Smelt Protection Trumps Calif. Farms’ Water Woes

(CN) - Federal protection of the tiny delta smelt, a 3-inch-long fish that inhabits California's Sacramento-San Joaquin Delta Estuary, does not violate the Commerce Clause of the U.S. Constitution, the 9th Circuit ruled Friday.

The threatened fish, a California native that was once used for fishing bait but currently has no commercial value, has been the subject of much controversy of late, blamed by some for drying out the west side of the state's Central Valley.

Delta smelt was first listed by the U.S. Fish and Wildlife Service as a threatened species under the federal Endangered Species Act in 1993. In 2008, the agency issued a biological opinion finding that the operation of the Central Valley Project - which brings water from the state's wetter north to its southern agriculture lands - was contributing to the decline of the species.

The opinion led to a controversial plan to reduce water flows to and in the delta during certain times of the year - a move that three commercial growers from the San Joaquin Valley claimed hurt their operations.

Stewart & Jasper Orchards, Arroyo Farms and King Pistachio Grove, with help from the conservative Pacific Legal Foundation, sued Fish and Wildlife and other agencies under the Commerce Clause. They claimed that the government had no authority to protect the delta smelt because it exists only in California and has no commercial value.

The Commerce Clause allows Congress to regulate interstate commerce and activities that have a "substantial effect" on such commerce.

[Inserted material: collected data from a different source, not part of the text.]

lemma deriv_power_coeff_mult_Kbar_moment_odd:
  fixes k q :: nat
  assumes "odd k" "k \<ge> 3"
  shows "deriv_power_coeff k (2*q) * Kbar_moment (2*q - k) =
    1/2 * (if k \<le> 2*q then deriv_power_coeff k (2*q) *
      (1 / (2 * (2*real q - real k + 1))
         * (1 - 1 / 2^(2*q-k+1) * real ((2*q-k+1) choose ((2*q-k+1) div 2)))) else 0)
    + 1/4 * (deriv_power_coeff (k-1) (2*q) - deriv_power_coeff (k-2) (2*q))"
proof (cases "k \<le> 2*q")
  case True
  define m where "m = 2*q - k"
  have "odd m"
    using assms(1) True by (simp add: m_def)
  have "1 / 2^(2*q-k+1) * real ((2*q-k+1) choose ((2*q-k+1) div 2)) = central_binom_ratio ((m+1) div 2)"
    using central_binom_ratio_binomial[of "m+1"] \<open>odd m\<close> by (simp add: m_def)
  moreover have "2*real q - real k = real m"
    using True by (simp add: m_def of_nat_diff)
  moreover have pred1: "deriv_power_coeff (k-1) (2*q) = deriv_power_coeff k (2*q) / (real m + 1)"
    using deriv_power_coeff_pred[of k "2*q"] True assms(2) by (simp add: m_def)
  moreover have "deriv_power_coeff (k-2) (2*q) = deriv_power_coeff (k-1) (2*q) / (real m + 2)"
    using deriv_power_coeff_pred[of "k-1" "2*q"] True assms(2)
    by (simp add: m_def of_nat_diff diff_diff_left numeral_2_eq_2 add_ac)
  then have "deriv_power_coeff (k-1) (2*q) - deriv_power_coeff (k-2) (2*q) = deriv_power_coeff k (2*q) / (real m + 2)"
    unfolding pred1 by (simp add: divide_simps) (simp add: algebra_simps)
  ultimately show ?thesis
    using True Kbar_moment_odd_split[OF \<open>odd m\<close>] by (simp add: m_def[symmetric] ring_distribs)
next
  case False
  obtain a where "k = 2*a + 1"
    using assms(1) by (rule oddE)
  with False consider "2*q = k - 1" | "2*q + 2 < k"
    by (cases "q = a") auto
  then have "deriv_power_coeff (k-1) (2*q) = deriv_power_coeff (k-2) (2*q)"
  proof cases
    case 1
    moreover have "k - 1 - (k - 2) = 1"
      using assms(2) by simp
    ultimately show ?thesis
      by (simp add: deriv_power_coeff_def)
  qed (simp add: deriv_power_coeff_def)
  with False show ?thesis
    by (simp add: deriv_power_coeff_def)
qed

Senior U.S. District Judge Oliver Wanger, after finding that the growers lacked standing to sue the agencies, ruled that the service's protection of the delta smelt was valid under the Commerce Clause.

A three-judge appellate panel in San Francisco agreed but split from the lower court on the growers' standing.

"The protection of threatened or endangered species implicates economic concerns," Judge Sidney Thomas wrote for the panel. "We conclude that the ESA [Endangered Species Act] is 'substantial[ly] relat[ed]' to interstate commerce and, thus, the growers' as applied challenge to ESA ... fails."

In a brief statement on its website Friday, the Pacific Legal Foundation vowed to appeal the decision.

"Although we are disappointed with the decision, we will continue to fight the regulatory drought, and we fully intend to ask the Supreme Court to review the constitutionality of draconian delta smelt regulations," the statement said.